GIVEN RECORDS Block Start
lemma extendable_at_attach_leaves:
  assumes "finite L" "extendable_at V E c" "L \<inter> V = {}"
  shows "extendable_at (V \<union> L) (E \<union> (\<lambda>l. {c, l}) ` L) c"
  using assms
proof (induction L rule: finite_induct)
  case empty
  then show ?case by simp
next
  case (insert x L)
  then have "odd_alpha_pair (insert x (V \<union> L)) (insert {c, x} (E \<union> (\<lambda>l. {c, l}) ` L)) c x"
    by (intro extendable_at_attach) auto
  then show ?case by (simp add: odd_alpha_pair_extendable_at)
qed

section \<open>Caterpillars\<close>

definition path_edges :: "'a list \<Rightarrow> 'a set set" where
  "path_edges xs = {{xs ! i, xs ! Suc i} | i. Suc i < length xs}"

lemma path_edges_single [simp]: "path_edges [x] = {}"
  unfolding path_edges_def by simp

lemma path_edges_Cons_Cons: "path_edges (x # y # ys) = insert {x, y} (path_edges (y # ys))"
proof -
  have "{i. Suc i < length (x # y # ys)} = insert 0 (Suc ` {i. Suc i < length (y # ys)})"
    by (auto simp: image_iff less_Suc_eq_0_disj)
  then show ?thesis
    unfolding path_edges_def setcompr_eq_image by (simp add: image_image)
qed

definition leaf_edges :: "'a set \<Rightarrow> ('a \<Rightarrow> 'a set) \<Rightarrow> 'a set set" where
  "leaf_edges S L = {{s, l} | s l. s \<in> S \<and> l \<in> L s}"

lemma leaf_edges_empty [simp]: "leaf_edges {} L = {}"
  unfolding leaf_edges_def by simp

lemma leaf_edges_insert: "leaf_edges (insert s S) L = (\<lambda>l. {s, l}) ` L s \<union> leaf_edges S L"
  unfolding leaf_edges_def by blast

lemma extendable_at_spine:
  assumes "extendable_at V E c" "distinct (c # ys)" "\<forall>s\<in>set (c # ys). finite (L s)"
    "V \<inter> (set ys \<union> \<Union>(L ` set (c # ys))) = {}"
    "\<forall>s\<in>set (c # ys). L s \<inter> set (c # ys) = {}"
    "\<forall>s\<in>set (c # ys). \<forall>t\<in>set (c # ys). s \<noteq> t \<longrightarrow> L s \<inter> L t = {}"
  shows "\<exists>u. extendable_at (V \<union> set ys \<union> \<Union>(L ` set (c # ys)))
           (E \<union> path_edges (c # ys) \<union> leaf_edges (set (c # ys)) L) u"
  using assms
proof (induction ys arbitrary: c V E)
  case Nil
  then have "extendable_at (V \<union> L c) (E \<union> (\<lambda>l. {c, l}) ` L c) c"
    by (intro extendable_at_attach_leaves) auto
  then show ?case by (intro exI[of _ c]) (simp add: leaf_edges_insert)
next
  case (Cons y ys)
  have "extendable_at (V \<union> L c) (E \<union> (\<lambda>l. {c, l}) ` L c) c"
    using Cons.prems by (intro extendable_at_attach_leaves) auto
  then have "odd_alpha_pair (insert y (V \<union> L c)) (insert {c, y} (E \<union> (\<lambda>l. {c, l}) ` L c)) c y"
    using Cons.prems by (intro extendable_at_attach) auto
  then have "extendable_at (insert y (V \<union> L c)) (insert {c, y} (E \<union> (\<lambda>l. {c, l}) ` L c)) y"
    by (rule odd_alpha_pair_extendable_at)
  then have "\<exists>u. extendable_at (insert y (V \<union> L c) \<union> set ys \<union> \<Union>(L ` set (y # ys)))
      (insert {c, y} (E \<union> (\<lambda>l. {c, l}) ` L c) \<union> path_edges (y # ys) \<union> leaf_edges (set (y # ys)) L) u"
  proof (rule Cons.IH)
    show "insert y (V \<union> L c) \<inter> (set ys \<union> \<Union>(L ` set (y # ys))) = {}"
      using Cons.prems(2,4,5,6) by auto
  qed (use Cons.prems in auto)
  moreover have "insert y (V \<union> L c) \<union> set ys \<union> \<Union>(L ` set (y # ys))
      = V \<union> set (y # ys) \<union> \<Union>(L ` set (c # y # ys))"
    by auto
  moreover have "insert {c, y} (E \<union> (\<lambda>l. {c, l}) ` L c) \<union> path_edges (y # ys) \<union> leaf_edges (set (y # ys)) L
      = E \<union> path_edges (c # y # ys) \<union> leaf_edges (set (c # y # ys)) L"
    by (auto simp: path_edges_Cons_Cons leaf_edges_insert)
  ultimately show ?case by simp
qed

lemma simple_graph_edgeE:
  assumes "simple_graph V E" "e \<in> E"
  obtains x y where "e = {x, y}" "x \<noteq> y" "x \<in> V" "y \<in> V"
proof -
  have "e \<subseteq> V" "card e = 2" using assms unfolding simple_graph_def by auto
  then show thesis using that by (auto simp: card_2_iff)
qed

lemma degree_one_edge_unique:
  assumes "degree E v = 1" "e \<in> E" "e' \<in> E" "v \<in> e" "v \<in> e'"
  shows "e = e'"
proof -
  obtain e0 where e0: "{e\<in>E. v \<in> e} = {e0}"
    using assms(1) unfolding degree_def by (rule card_1_singletonE)
  have "e \<in> {e\<in>E. v \<in> e}" "e' \<in> {e\<in>E. v \<in> e}" using assms(2-5) by simp_all
  then show ?thesis unfolding e0 by simp
qed

lemma degree_one_neighbour:
  assumes "simple_graph V E" "degree E v = 1"
  obtains w where "{v, w} \<in> E" "w \<noteq> v" "w \<in> V"
proof -
  obtain e where "{e\<in>E. v \<in> e} = {e}"
    using assms(2) unfolding degree_def by (rule card_1_singletonE)
  then have "e \<in> E" "v \<in> e" by auto
  moreover obtain x y where "e = {x, y}" "x \<noteq> y" "x \<in> V" "y \<in> V"
    using simple_graph_edgeE[OF assms(1) \<open>e \<in> E\<close>] by blast
  ultimately consider "v = x" | "v = y" by blast
  then show thesis
  proof cases
    case 1
    then show thesis using that \<open>e \<in> E\<close> \<open>e = {x, y}\<close> \<open>x \<noteq> y\<close> \<open>y \<in> V\<close> by blast
  next
    case 2
    then show thesis using that \<open>e \<in> E\<close> \<open>e = {x, y}\<close> \<open>x \<noteq> y\<close> \<open>x \<in> V\<close>
      by (metis insert_commute)
  qed
qed

lemma reachable_closed:
  assumes "reachable E x y" "x \<in> A" "\<And>u v. u \<in> A \<Longrightarrow> adj E u v \<Longrightarrow> v \<in> A"
  shows "y \<in> A"
  using assms(1) unfolding reachable_def
proof (induction rule: rtrancl_induct)
  case base
  then show ?case using assms(2) .
next
  case (step u v)
  then show ?case using assms(3) by auto
qed

lemma connected_graph_leaf_edge:
  assumes "connected_graph V E" "a \<in> V" "b \<in> V" "degree E a = 1" "degree E b = 1" "{a, b} \<in> E"
  shows "V = {a, b}"
proof -
  have closed: "v \<in> {a, b}" if "u \<in> {a, b}" "adj E u v" for u v
  proof -
    have "degree E u = 1" using that(1) assms(4,5) by blast
    then have "{u, v} = {a, b}"
      by (rule degree_one_edge_unique) (use that assms(6) in \<open>auto simp: adj_def\<close>)
    moreover have "v \<in> {u, v}" by simp
    ultimately show ?thesis by simp
  qed
  have "v \<in> {a, b}" if "v \<in> V" for v
  proof -
    have "reachable E a v" using assms(1,2) that unfolding connected_graph_def by blast
    then show ?thesis by (rule reachable_closed) (simp, rule closed)
  qed
  then show ?thesis using assms(2,3) by blast
qed

lemma connected_graph_leaf_neighbour:
  assumes "simple_graph V E" "connected_graph V E" "l \<in> V" "degree E l = 1"
    "v \<in> V" "degree E v \<noteq> 1"
  obtains s where "{s, l} \<in> E" "s \<in> V" "degree E s \<noteq> 1"
proof -
  obtain w where w: "{l, w} \<in> E" "w \<noteq> l" "w \<in> V"
    using assms(4) by (rule degree_one_neighbour[OF assms(1)])
  have "degree E w \<noteq> 1"
  proof
    assume "degree E w = 1"
    then have "V = {l, w}"
      using w by (intro connected_graph_leaf_edge[OF assms(2,3) w(3) assms(4)])
    then show False using assms(4-6) \<open>degree E w = 1\<close> by auto
  qed
  then show thesis using that w by (simp add: insert_commute)
qed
GIVEN RECORDS Block End
Only the lines from the beginning of the entries through the line bearing "proof (induction ys arbitrary: c V E)" should be returned, each exactly as written.

lemma extendable_at_attach_leaves:
  assumes "finite L" "extendable_at V E c" "L \<inter> V = {}"
  shows "extendable_at (V \<union> L) (E \<union> (\<lambda>l. {c, l}) ` L) c"
  using assms
proof (induction L rule: finite_induct)
  case empty
  then show ?case by simp
next
  case (insert x L)
  then have "odd_alpha_pair (insert x (V \<union> L)) (insert {c, x} (E \<union> (\<lambda>l. {c, l}) ` L)) c x"
    by (intro extendable_at_attach) auto
  then show ?case by (simp add: odd_alpha_pair_extendable_at)
qed

section \<open>Caterpillars\<close>

definition path_edges :: "'a list \<Rightarrow> 'a set set" where
  "path_edges xs = {{xs ! i, xs ! Suc i} | i. Suc i < length xs}"

lemma path_edges_single [simp]: "path_edges [x] = {}"
  unfolding path_edges_def by simp

lemma path_edges_Cons_Cons: "path_edges (x # y # ys) = insert {x, y} (path_edges (y # ys))"
proof -
  have "{i. Suc i < length (x # y # ys)} = insert 0 (Suc ` {i. Suc i < length (y # ys)})"
    by (auto simp: image_iff less_Suc_eq_0_disj)
  then show ?thesis
    unfolding path_edges_def setcompr_eq_image by (simp add: image_image)
qed

definition leaf_edges :: "'a set \<Rightarrow> ('a \<Rightarrow> 'a set) \<Rightarrow> 'a set set" where
  "leaf_edges S L = {{s, l} | s l. s \<in> S \<and> l \<in> L s}"

lemma leaf_edges_empty [simp]: "leaf_edges {} L = {}"
  unfolding leaf_edges_def by simp

lemma leaf_edges_insert: "leaf_edges (insert s S) L = (\<lambda>l. {s, l}) ` L s \<union> leaf_edges S L"
  unfolding leaf_edges_def by blast

lemma extendable_at_spine:
  assumes "extendable_at V E c" "distinct (c # ys)" "\<forall>s\<in>set (c # ys). finite (L s)"
    "V \<inter> (set ys \<union> \<Union>(L ` set (c # ys))) = {}"
    "\<forall>s\<in>set (c # ys). L s \<inter> set (c # ys) = {}"
    "\<forall>s\<in>set (c # ys). \<forall>t\<in>set (c # ys). s \<noteq> t \<longrightarrow> L s \<inter> L t = {}"
  shows "\<exists>u. extendable_at (V \<union> set ys \<union> \<Union>(L ` set (c # ys)))
           (E \<union> path_edges (c # ys) \<union> leaf_edges (set (c # ys)) L) u"
  using assms
proof (induction ys arbitrary: c V E)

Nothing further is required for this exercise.